На следующее утро Звездочет присоединяется к оркестру веселый, как птица.

– Привет, милая! – шепчет он на ухо Фридриху, пробираясь между скрипачей, и мрачность немецкого мальчика тенью сбегает с его кожи, которая краснеет и озаряется. Во время всего выступления он играет для Фридриха, для его плоти, начавшей звучать под костюмом, который уже не может скрывать ее. Потом он ждет в уборной, когда уйдут музыканты. Он не ошибается. Появляется Фридрих.

Войдя, он видит Звездочета скорчившимся над гитарой, с лицом, окрашенным закатом, что гаснет за окном. Звездочет поднимает руку, чтоб начать играть, но он хватает ее. Он тянет ее к своей горячей щеке и проводит по ней. Наклоняя лицо, тычется носом между пальцами Звездочета, а потом покусывает их по очереди. Тот высвобождает руку и указательным пальцем обводит контур Фридриховых губ, с которых, подобно вздоху, слетает имя: Нульда – ни разу не произнесенное, иначе как для себя самой, тайно, с тех самых пор, как она должна была стать другим человеком, чтоб бежать из Германии.

– Нульда! – повторяет он.

Рука его спускается, познавая линию ее шеи, до ее трепещущих грудей.

– Нульда!

Другая рука скользит по ее спине и обхватывает ее талию. Руки сближаются. Скользят губами по каждому миллиметру кожи. Он покусывает мочку ее уха, и она чувствует, как ее имя, произносимое, будто слово любви, щекочет пушок на щеке. Она приоткрывает губы, но он предвосхищает ответ. Его язык просовывается в ее рот. Она не умеет целоваться. Делает глотательное движение. Кашляет. Он смеется. Она упирает свой язык в его улыбку. Его рука гладит ее живот и бедра. Он улавливает сотрясение, которое проходит по ткани тесных черных брюк. Она немного выгибается назад и ждет, закрыв глаза. Он кладет голову между ее грудей, а она расстегивает свой ремень. Кончик его языка лижет золотую бороздку на ее животе и пробивается сквозь рощицу волос, в которой невидимая кожа стала влажной и горячей. Из клетки ее горла вырывается стон. Так стонет рождающаяся жизнь, пропитанная радостью, стыдом, лихорадкой, сбитым дыханием, странной слюной, стекающей по их телам, которые сдаются и невесомо валятся на плитки пола, устланные их упавшими фраками.

 

 

Заканчивается музыка, а их тайная любовь длится. Фридрих во фраке кажется немного выше, смычок скрипки пересекает ему лицо, как шрам, жесты его собранны, как жесты шулера, который должен скрывать свои эмоции. Фридрих-Нульда вступает в жизнь, как в азартную игру, отбросив сдержанность, и тело его красноречиво выражает его чувства. Ночью поцелуи Звездочета оставляют маленькие фиолетовые отметины на его шее. Это не единственная деталь, общая для Фридриха и Нульды. Они разделяют друг с другом также неизъяснимую бледность, предрасположенность к уединенным уголкам, привычку потихоньку напевать, излучение влюбленности и бунт против судьбы, превращающий глаза в два гордых кинжала. Звездочету трудно до конца соединить их. Один – задушевный друг, другая – первая любовь. Странное совпадение замыкает гамму чувств, присущих юношам, на одной персоне.
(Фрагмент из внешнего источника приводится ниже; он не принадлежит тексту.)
lemma involution_congruence_cols_diagonal:
  fixes B H :: "real mat"
  assumes B: "B \<in> carrier_mat n n" and H: "H \<in> carrier_mat n n" and HH: "H * H = 1\<^sub>m n"
    and k: "k < n" and diag: "cols_diagonal_upto k B"
    and H_low: "\<And>i j. i < k \<Longrightarrow> j < n \<Longrightarrow> H $$ (j,i) = (if j = i then 1 else 0)"
    and H_k: "\<And>i. i < n \<Longrightarrow> (\<Sum>j<n. B $$ (i,j) * H $$ (j,k)) = \<nu> * H $$ (i,k)"
  shows "cols_diagonal_upto (Suc k) (H * (B * H))"
proof -
  have BH: "B * H \<in> carrier_mat n n" using B H by simp
  have "(H * (B * H)) $$ (j,i) = 0" if i: "i < Suc k" and j: "j < n" and ji: "j \<noteq> i" for i j
  proof -
    have ii: "i < n" using i k by simp
    have "(H * (B * H)) $$ (j,i) = (\<Sum>b<n. H $$ (j,b) * (B * H) $$ (b,i))"
      by (rule index_mult_mat_sum[OF H BH j ii])
    also have "\<dots> = 0"
    proof (cases "i < k")
      case True
      have "(B * H) $$ (b,i) = (if b = i then B $$ (i,i) else 0)" if b: "b < n" for b
        using b ii True diag H_low[OF True] B unfolding cols_diagonal_upto_def
        by (simp add: index_mult_mat_sum[OF B H b ii] if_distrib[where f="\<lambda>t. B $$ (b,_) * t"]
            sum.delta' cong: if_cong)
      hence "(\<Sum>b<n. H $$ (j,b) * (B * H) $$ (b,i)) = (\<Sum>b<n. if b = i then H $$ (j,i) * B $$ (i,i) else 0)"
        by (intro sum.cong) auto
      thus ?thesis using ii ji H_low[OF True j] by simp
    next
      case False
      hence ik: "i = k" using i by simp
      have "(B * H) $$ (b,i) = \<nu> * H $$ (b,k)" if b: "b < n" for b
        using H_k[OF b] ik by (simp add: index_mult_mat_sum[OF B H b k])
      hence "(\<Sum>b<n. H $$ (j,b) * (B * H) $$ (b,i)) = \<nu> * (H * H) $$ (j,k)"
        using index_mult_mat_sum[OF H H j k] by (simp add: sum_distrib_left mult.left_commute)
      thus ?thesis using HH j k ji ik by simp
    qed
    finally show ?thesis .
  qed
  thus ?thesis unfolding cols_diagonal_upto_def using H BH by auto
qed

text \<open>One deflation step: a Householder reflection fixing the first \<open>k\<close> coordinates moves a unit
  eigenvector of the trailing block into column \<open>k\<close>.\<close>

lemma orthogonal_diagonalization_step:
  fixes M Z :: "real mat"
  assumes M: "M \<in> carrier_mat n n" and MT: "transpose_mat M = M"
    and Z: "Z \<in> carrier_mat n n" and ZZ: "transpose_mat Z * Z = 1\<^sub>m n"
    and diag: "cols_diagonal_upto k (transpose_mat Z * M * Z)" and k: "k < n"
  shows "\<exists>Z'. Z' \<in> carrier_mat n n \<and> transpose_mat Z' * Z' = 1\<^sub>m n \<and>
             cols_diagonal_upto (Suc k) (transpose_mat Z' * M * Z')"
proof -
  define B where "B = transpose_mat Z * M * Z"
  have B: "B \<in> carrier_mat n n" using M Z by (simp add: B_def)
  have BT: "transpose_mat B = B" unfolding B_def by (rule transpose_congruence_mat[OF M MT Z])
  obtain u \<nu> where u_unit: "(\<Sum>i<n. (u i)\<^sup>2) = 1" and u_low: "\<forall>i<k. u i = 0"
    and Bu: "\<And>i. i < n \<Longrightarrow> (\<Sum>j<n. B $$ (i,j) * u j) = \<nu> * u i"
    using trailing_block_unit_eigenvector[OF B BT k] diag unfolding B_def by blast
  define H where "H = householder_mat n (\<lambda>i. (if i = k then 1 else 0) - u i)"
  have H: "H \<in> carrier_mat n n" and HT: "transpose_mat H = H" and HH: "H * H = 1\<^sub>m n"
    unfolding H_def by (simp_all add: transpose_householder_mat householder_mat_involutive)
  have H_k: "H $$ (j,k) = u j" if "j < n" for j
    unfolding H_def by (rule householder_mat_col_unit[OF k u_unit that])
  have diag': "cols_diagonal_upto (Suc k) (H * (B * H))"
  proof (rule involution_congruence_cols_diagonal[OF B H HH k])
    show "cols_diagonal_upto k B" using diag by (simp add: B_def)
    show "H $$ (j,i) = (if j = i then 1 else 0)" if "i < k" "j < n" for i j
      unfolding H_def by (rule householder_mat_fixes_col) (use that u_low k in auto)
    show "(\<Sum>j<n. B $$ (i,j) * H $$ (j,k)) = \<nu> * H $$ (i,k)" if "i < n" for i
    proof -
      have "(\<Sum>j<n. B $$ (i,j) * H $$ (j,k)) = (\<Sum>j<n. B $$ (i,j) * u j)"
        by (intro sum.cong) (auto simp: H_k)
      thus ?thesis using Bu[OF that] H_k that by simp
    qed
  qed
  define Z' where "Z' = Z * H"
  have Z': "Z' \<in> carrier_mat n n" using Z H by (simp add: Z'_def)
  have Z'T: "transpose_mat Z' = H * transpose_mat Z"
    using transpose_mult[OF Z H] HT by (simp add: Z'_def)
  have "transpose_mat Z' * Z' = H * (transpose_mat Z * Z) * H"
    unfolding Z'_def Z'T[unfolded Z'_def] using Z H by (simp add: assoc_mult_mat[of _ n n _ n _ n])
  hence "transpose_mat Z' * Z' = 1\<^sub>m n" using ZZ HH H by simp
  moreover have "transpose_mat Z' * M * Z' = H * (B * H)"
    unfolding Z'_def Z'T[unfolded Z'_def] B_def using Z H M
    by (simp add: assoc_mult_mat[of _ n n _ n _ n])
  ultimately show ?thesis using Z' diag' by auto
qed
В чужих глазах это товарищество подсвечено тайным, мягким и жестоким отсветом любви. Они забились в щель, которую отыскали в столпотворении и хаосе войны, за ее кровавыми занавесями. Оттуда смотрят они непримиримым взглядом на мир, в котором им выпало жить, и их тела превращаются в упрямое утверждение их существования.

Наконец в январе сорок четвертого года еврейские музыканты получают разрешение на выезд из Испании и празднуют это событие, чуждые драме, которую оно вызовет. Мальчики выслушивают известие с замкнутыми и неподвижными, почти бесстрастными лицами – так, как они привыкли встречать все военные новости. Но с этого момента любовь начинает отчаянно кружиться вокруг собственной оси, зная, что будущего у нее нет, и превращается в их руках в трагическую игрушку. Нульда, в нервическом припадке, хватает себя за отвороты рубашки и разрывает ее. В прореху не только проникают губы Звездочета, но и врывается дуновение войны, которая за много километров от полей сражений влияет на судьбы, сводит на нет интимность личной жизни, выталкивая человека в ненастье непредсказуемого мира.
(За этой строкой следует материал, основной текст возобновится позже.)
(* Let $\ell\ge 0$ be an integer. Each of the following two $2\times(2\ell+3)$ matrices, listed column by column, is a $(2,2\ell+3,1)$-tropical code within maximum delay $\ell$: (1) the columns $(0,\infty),(0,\ell),(0,\ell-1),\dots,(0,1),(0,0),(1,0),(2,0),\dots,(\ell,0),(\infty,0)$; (2) the columns $(0,\infty)$, then $(i,\ell-i)$ for $i=0,\dots,\ell$ interleaved with $(i,\ell-i+1)$ for $i=1,\dots,\ell$ in the order $(0,\ell),(1,\ell),(1,\ell-1),(2,\ell-1),\dots,(\ell-1,1),(\ell,1),(\ell,0)$, and finally $(\infty,0)$. (Each pair $(u,v)$ denotes the column with first entry $u$ and second entry $v$.)
   Context: Tropical arithmetic on $\mathbb{R}\cup\{\infty\}$: $x\oplus y=\min(x,y)$, $x\odot y=x+y$, with $x\oplus\infty=x$ and $x\odot\infty=\infty$. For a matrix $S$ with $T$ rows and $N$ columns and a column vector $\mathbf{x}$ of length $N$, $S\odot\mathbf{x}$ is the vector whose $t$-th entry is $\min_{j}(S_{tj}+x_j)$. A $(T,N,D)$-tropical code is a matrix $S\in(\{0\}\cup\mathbb{N}\cup\{\infty\})^{T\times N}$ such that for any two distinct vectors $\mathbf{x},\mathbf{y}\in(\{0\}\cup\mathbb{N}\cup\{\infty\})^{N}$, each having at most $D$ finite entries, $S\odot\mathbf{x}\ne S\odot\mathbf{y}$. It is within maximum delay $\ell$ if $S\in\{0,1,\dots,\ell,\infty\}^{T\times N}$. *)

theory Defs
  imports Main "HOL-Library.Extended_Nat"
begin

text \<open>Values in {0} \<union> \<nat> \<union> {\<infinity>} are modelled by enat; tropical addition is min,
  tropical multiplication is +.\<close>

definition trop_mult :: "nat \<Rightarrow> nat \<Rightarrow> (nat \<Rightarrow> nat \<Rightarrow> enat) \<Rightarrow> enat list \<Rightarrow> enat list" where
  "trop_mult T N S x = map (\<lambda>t. INF j\<in>{..<N}. S t j + x ! j) [0..<T]"

definition num_finite :: "enat list \<Rightarrow> nat" where
  "num_finite x = card {j. j < length x \<and> x ! j \<noteq> \<infinity>}"

definition tropical_code :: "nat \<Rightarrow> nat \<Rightarrow> nat \<Rightarrow> (nat \<Rightarrow> nat \<Rightarrow> enat) \<Rightarrow> bool" where
  "tropical_code T N D S \<longleftrightarrow>
     (\<forall>x y. length x = N \<longrightarrow> length y = N \<longrightarrow> num_finite x \<le> D \<longrightarrow> num_finite y \<le> D
        \<longrightarrow> x \<noteq> y \<longrightarrow> trop_mult T N S x \<noteq> trop_mult T N S y)"

definition within_delay :: "nat \<Rightarrow> nat \<Rightarrow> nat \<Rightarrow> (nat \<Rightarrow> nat \<Rightarrow> enat) \<Rightarrow> bool" where
  "within_delay T N l S \<longleftrightarrow> (\<forall>t<T. \<forall>j<N. S t j = \<infinity> \<or> S t j \<le> enat l)"

definition cols_matrix :: "(enat \<times> enat) list \<Rightarrow> nat \<Rightarrow> nat \<Rightarrow> enat" where
  "cols_matrix cs t j = (if t = 0 then fst (cs ! j) else snd (cs ! j))"

definition code1_cols :: "nat \<Rightarrow> (enat \<times> enat) list" where
  "code1_cols l = [(0, \<infinity>)] @ map (\<lambda>k. (0, enat (l - k))) [0..<l+1]
                 @ map (\<lambda>i. (enat i, 0)) [1..<l+1] @ [(\<infinity>, 0)]"

definition code2_cols :: "nat \<Rightarrow> (enat \<times> enat) list" where
  "code2_cols l = [(0, \<infinity>), (0, enat l)]
     @ concat (map (\<lambda>i. [(enat i, enat (l - i + 1)), (enat i, enat (l - i))]) [1..<l+1])
     @ [(\<infinity>, 0)]"

end

theory Submission
  imports Defs "HOL-Library.Extended_Real"
begin

text \<open>A vector with at most one finite entry a, in position j, is mapped to column j of the
  code shifted by a. So a code for D = 1 only needs columns that are not entirely \<infinity>
  and whose shifts are pairwise distinct. For two rows, a shift leaves the slope v - u of a
  column (u, v) unchanged, and in both codes the slopes are \<infinity>, l, l - 1, ..., -l, -\<infinity>
  from left to right, hence pairwise distinct.\<close>

lemma num_finite_le_1_cases:
  assumes "length x = N" "num_finite x \<le> 1"
  obtains "x = replicate N \<infinity>" | j a where "j < N" "x = (replicate N \<infinity>)[j := enat a]"
proof (cases "\<exists>j<N. x ! j \<noteq> \<infinity>")
  case False
  then have "x = replicate N \<infinity>" using assms(1) by (simp add: list_eq_iff_nth_eq)
  then show ?thesis by (rule that(1))
next
  case True
  then obtain j a where j: "j < N" "x ! j = enat a" by auto
  have others: "x ! k = \<infinity>" if "k < N" "k \<noteq> j" for k
  proof (rule ccontr)
    assume "x ! k \<noteq> \<infinity>"
    then have "{j, k} \<subseteq> {i. i < length x \<and> x ! i \<noteq> \<infinity>}" using j that assms(1) by auto
    then have "card {j, k} \<le> num_finite x" unfolding num_finite_def by (intro card_mono) auto
    then show False using that assms(2) by simp
  qed
  have "x = (replicate N \<infinity>)[j := enat a]"
    using assms(1) j others by (auto simp: list_eq_iff_nth_eq nth_list_update)
  with \<open>j < N\<close> show ?thesis by (rule that(2))
qed

lemma trop_mult_replicate_infinity: "trop_mult T N S (replicate N \<infinity>) = replicate T \<infinity>"
proof -
  have "(INF k\<in>{..<N}. S t k + replicate N \<infinity> ! k) = \<infinity>" for t
    by (rule antisym[OF _ INF_greatest]) auto
  then show ?thesis by (simp add: trop_mult_def map_replicate_const)
qed

lemma trop_mult_single_finite:
  assumes "j < N"
  shows "trop_mult T N S ((replicate N \<infinity>)[j := enat a]) = map (\<lambda>t. S t j + enat a) [0..<T]"
proof -
  have "(INF k\<in>{..<N}. S t k + (replicate N \<infinity>)[j := enat a] ! k) = S t j + enat a" for t
  proof (rule antisym)
    show "(INF k\<in>{..<N}. S t k + (replicate N \<infinity>)[j := enat a] ! k) \<le> S t j + enat a"
      using assms by (intro INF_lower2[of j]) auto
    show "S t j + enat a \<le> (INF k\<in>{..<N}. S t k + (replicate N \<infinity>)[j := enat a] ! k)"
      using assms by (intro INF_greatest) (auto simp: nth_list_update)
  qed
  then show ?thesis by (simp add: trop_mult_def)
qed

lemma tropical_code_1I:
  assumes column_finite: "\<And>j. j < N \<Longrightarrow> \<exists>t<T. S t j \<noteq> \<infinity>"
    and shifts_inj: "\<And>j j' a a'. j < N \<Longrightarrow> j' < N \<Longrightarrow>
           (\<And>t. t < T \<Longrightarrow> S t j + enat a = S t j' + enat a') \<Longrightarrow> j = j' \<and> a = a'"
  shows "tropical_code T N 1 S"
  unfolding tropical_code_def
proof (intro allI impI)
  fix x y :: "enat list"
  assume x: "length x = N" "num_finite x \<le> 1" and y: "length y = N" "num_finite y \<le> 1"
    and "x \<noteq> y"
  have shifted_not_infinity: "map (\<lambda>t. S t j + enat a) [0..<T] \<noteq> replicate T \<infinity>"
    if "j < N" for j a
    using column_finite[OF that] by (auto simp: list_eq_iff_nth_eq)
  show "trop_mult T N S x \<noteq> trop_mult T N S y"
  proof (cases rule: num_finite_le_1_cases[OF x])
    case 1
    then show ?thesis
    proof (cases rule: num_finite_le_1_cases[OF y])
      case 1
      then show ?thesis using \<open>x = _\<close> \<open>x \<noteq> y\<close> by simp
    next
      case (2 j' a')
      then show ?thesis using \<open>x = _\<close> shifted_not_infinity[of j' a']
        by (simp add: trop_mult_replicate_infinity trop_mult_single_finite)
    qed
  next
    case (2 j a)
    show ?thesis
    proof (cases rule: num_finite_le_1_cases[OF y])
      case 1
      then show ?thesis using 2 shifted_not_infinity[of j a]
        by (simp add: trop_mult_replicate_infinity trop_mult_single_finite)
    next
      case (2 j' a')
      show ?thesis
      proof
        assume "trop_mult T N S x = trop_mult T N S y"
        then have "S t j + enat a = S t j' + enat a'" if "t < T" for t
          using that \<open>j < N\<close> \<open>j' < N\<close> \<open>x = _\<close> \<open>y = _\<close>
          by (simp add: trop_mult_single_finite list_eq_iff_nth_eq)
        then have "j = j' \<and> a = a'" using shifts_inj \<open>j < N\<close> \<open>j' < N\<close> by blast
        then show False using \<open>x \<noteq> y\<close> \<open>x = _\<close> \<open>y = _\<close> by simp
      qed
    qed
  qed
qed

text \<open>A column (u, \<infinity>) has slope \<infinity> and a column (\<infinity>, v) slope -\<infinity>; the column
  (\<infinity>, \<infinity>) gets the junk slope \<infinity>, which is why it is excluded below.\<close>

definition column_slope :: "enat \<times> enat \<Rightarrow> ereal" where
  "column_slope c = ereal_of_enat (snd c) - ereal_of_enat (fst c)"

lemma column_slope_shift_invariant:
  assumes "c \<noteq> (\<infinity>, \<infinity>)" "c' \<noteq> (\<infinity>, \<infinity>)"
    and "fst c + enat a = fst c' + enat a'" "snd c + enat a = snd c' + enat a'"
  shows "column_slope c = column_slope c'"
  using assms unfolding column_slope_def
  by (cases c; cases c') (auto simp: ereal_of_enat_def plus_enat_def split: enat.splits)

lemma tropical_code_2_1_if_distinct_slopes:
  assumes "length cs = N" "(\<infinity>, \<infinity>) \<notin> set cs" and distinct_slopes: "distinct (map column_slope cs)"
  shows "tropical_code 2 N 1 (cols_matrix cs)"
proof (rule tropical_code_1I)
  fix j assume "j < N"
  then have "cs ! j \<noteq> (\<infinity>, \<infinity>)" using assms(1,2) nth_mem by metis
  then show "\<exists>t<2. cols_matrix cs t j \<noteq> \<infinity>"
    by (cases "cs ! j") (auto simp: cols_matrix_def)
next
  fix j j' a a'
  assume j: "j < N" "j' < N"
    and rows_eq: "\<And>t. t < 2 \<Longrightarrow> cols_matrix cs t j + enat a = cols_matrix cs t j' + enat a'"
  have shifts_eq: "fst (cs ! j) + enat a = fst (cs ! j') + enat a'"
      "snd (cs ! j) + enat a = snd (cs ! j') + enat a'"
    using rows_eq[of 0] rows_eq[of 1] by (simp_all add: cols_matrix_def)
  have finite_column: "cs ! i \<noteq> (\<infinity>, \<infinity>)" if "i < N" for i
    using that assms(1,2) nth_mem by metis
  have "column_slope (cs ! j) = column_slope (cs ! j')"
    using column_slope_shift_invariant[OF finite_column finite_column shifts_eq] j by blast
  then have "j = j'"
    using distinct_slopes j assms(1) by (metis length_map nth_map nth_eq_iff_index_eq)
  moreover have "a = a'"
    using finite_column[OF \<open>j < N\<close>] shifts_eq \<open>j = j'\<close>
    by (cases "cs ! j") (auto simp: enat_add_left_cancel)
  ultimately show "j = j' \<and> a = a'" ..
qed

lemma within_delay_cols_matrixI:
  assumes "set cs \<subseteq> insert \<infinity> {..enat l} \<times> insert \<infinity> {..enat l}" "length cs = N"
  shows "within_delay 2 N l (cols_matrix cs)"
  using assms by (fastforce simp: within_delay_def cols_matrix_def dest!: nth_mem)

lemma distinct_code_slopes:
  "distinct (\<infinity> # map (\<lambda>k. ereal (real l - real k)) [0..<n] @ [-\<infinity>])"
  by (auto simp: distinct_map inj_on_def)

lemma code1_cols_slopes:
  "map column_slope (code1_cols l) = \<infinity> # map (\<lambda>k. ereal (real l - real k)) [0..<2*l+1] @ [-\<infinity>]"
proof -
  have "[0..<2*l+1] = [0..<l+1] @ map (\<lambda>i. l + i) [1..<l+1]"
    by (simp add: list_eq_iff_nth_eq nth_append del: upt_Suc)
  then show ?thesis
    by (simp add: code1_cols_def column_slope_def zero_enat_def del: upt_Suc)
qed

lemma concat_map_pairs_upt:
  "concat (map (\<lambda>i. [f (2*i - 1), f (2*i)]) [1..<n+1]) = map f [1..<2*n+1]"
  by (induction n) (simp_all add: ac_simps)

lemma code2_cols_slopes:
  "map column_slope (code2_cols l) = \<infinity> # map (\<lambda>k. ereal (real l - real k)) [0..<2*l+1] @ [-\<infinity>]"
proof -
  let ?f = "\<lambda>k. ereal (real l - real k)"
  have "map column_slope (concat (map (\<lambda>i. [(enat i, enat (l - i + 1)), (enat i, enat (l - i))]) [1..<l+1]))
     = concat (map (\<lambda>i. [?f (2*i - 1), ?f (2*i)]) [1..<l+1])"
    by (auto simp: map_concat column_slope_def of_nat_diff intro!: arg_cong[where f=concat])
  also have "\<dots> = map ?f [1..<2*l+1]" by (rule concat_map_pairs_upt)
  finally show ?thesis
    by (simp add: code2_cols_def column_slope_def zero_enat_def upt_rec[of 0] del: upt_Suc)
qed

lemma length_code1_cols: "length (code1_cols l) = 2*l+3"
  by (simp add: code1_cols_def)

lemma length_code2_cols: "length (code2_cols l) = 2*l+3"
  using arg_cong[OF code2_cols_slopes, of length] by simp

lemma code1_cols_bounded: "set (code1_cols l) \<subseteq> insert \<infinity> {..enat l} \<times> insert \<infinity> {..enat l}"
  by (auto simp: code1_cols_def)

lemma code2_cols_bounded: "set (code2_cols l) \<subseteq> insert \<infinity> {..enat l} \<times> insert \<infinity> {..enat l}"
  by (auto simp: code2_cols_def)

lemma infinite_column_notin_code_cols:
  "(\<infinity>, \<infinity>) \<notin> set (code1_cols l)" "(\<infinity>, \<infinity>) \<notin> set (code2_cols l)"
  by (auto simp: code1_cols_def code2_cols_def)

theorem mainTheorem2:
  fixes l :: nat
  shows "length (code1_cols l) = 2*l+3 \<and> tropical_code 2 (2*l+3) 1 (cols_matrix (code1_cols l))
           \<and> within_delay 2 (2*l+3) l (cols_matrix (code1_cols l))
         \<and> length (code2_cols l) = 2*l+3 \<and> tropical_code 2 (2*l+3) 1 (cols_matrix (code2_cols l))
           \<and> within_delay 2 (2*l+3) l (cols_matrix (code2_cols l))"
proof -
  have "distinct (map column_slope (code1_cols l))" "distinct (map column_slope (code2_cols l))"
    by (simp_all only: code1_cols_slopes code2_cols_slopes distinct_code_slopes)
  then show ?thesis
    by (intro conjI length_code1_cols length_code2_cols
        tropical_code_2_1_if_distinct_slopes[OF length_code1_cols infinite_column_notin_code_cols(1)]
        tropical_code_2_1_if_distinct_slopes[OF length_code2_cols infinite_column_notin_code_cols(2)]
        within_delay_cols_matrixI[OF code1_cols_bounded length_code1_cols]
        within_delay_cols_matrixI[OF code2_cols_bounded length_code2_cols])
qed

end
Нульда отправится в неожиданном направлении – в Палестину. Настойчивые переговоры еврейского агентства дали плоды сейчас, когда немцы терпят поражение. Корабль «Ниасса» придет со ста семьюдесятью еврейскими беженцами из Португалии и заберет еще пятьсот шестьдесят из Испании и Танжера. Лицо девочки едва выдерживает натиск противоречивых чувств. Взгляд ее двоится от одновременного созерцания того, что она безвозвратно потеряет, и того, что приобретет в новой жизни среди своих. Но горечь сильнее, и на лбу ее прорезаются нестираемые морщины. Если и сохранялась изящная детская безмятежность в ее облике, то сейчас она исчезла с этого лица, ожесточенного усилием сдержать слезы.
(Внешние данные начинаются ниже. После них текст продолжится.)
lemma rational_with_poles_in_sum_poles:
  assumes "finite Z" and T: "\<And>j. j \<in> Z \<Longrightarrow> rational_with_poles_in (T j) {j} False"
    and Q: "rational_with_poles_in Q {} ip"
  shows "rational_with_poles_in (\<lambda>z. (\<Sum>j\<in>Z. T j z) + Q z) Z ip"
proof (rule rational_with_poles_in_add)
  show "rational_with_poles_in (\<lambda>z. \<Sum>j\<in>Z. T j z) Z ip"
    by (rule rational_with_poles_in_sum[OF assms(1)], rule rational_with_poles_in_mono[OF T]) auto
  show "rational_with_poles_in Q Z ip" using Q by (rule rational_with_poles_in_mono) auto
qed

lemma has_field_derivative_sum_poles:
  assumes T: "\<And>j. j \<in> Z \<Longrightarrow> T j holomorphic_on - {j}" and Q: "Q holomorphic_on UNIV" and "z \<notin> Z"
  shows "((\<lambda>w. (\<Sum>j\<in>Z. T j w) + Q w) has_field_derivative (\<Sum>j\<in>Z. deriv (T j) z) + deriv Q z) (at z)"
proof -
  have "(T j has_field_derivative deriv (T j) z) (at z)" if "j \<in> Z" for j
  proof -
    have "z \<in> - {j}" using that \<open>z \<notin> Z\<close> by auto
    then show ?thesis by (rule holomorphic_derivI[OF T[OF that] open_Compl[OF closed_singleton]])
  qed
  moreover have "(Q has_field_derivative deriv Q z) (at z)"
    using holomorphic_derivI[OF Q open_UNIV] by auto
  ultimately show ?thesis by (auto intro!: DERIV_add DERIV_sum)
qed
Кадис отпускает им последние дни, тронутые оглушительной тишиной моря, уже превратившегося в дальнюю даль. Он останется на своем берегу, далеком и безразличном, который встречными каменными волнами накатывает на море. В этом году зима особенно неприятна, солнце пребывает где-то в другом измерении, слабо искрится и испускает дух за ледяной чередой облаков, и заранее заставляет холодеть предстоящая разлука. Когда солнце исчезает, они зовут его свет, ждут его отражения на лице друг друга. Как это солнце, которое прячется за ледяными блоками облаков, Нульда должна прятаться почти до самого отъезда, потому что из-за документов не может отказаться от мужского костюма.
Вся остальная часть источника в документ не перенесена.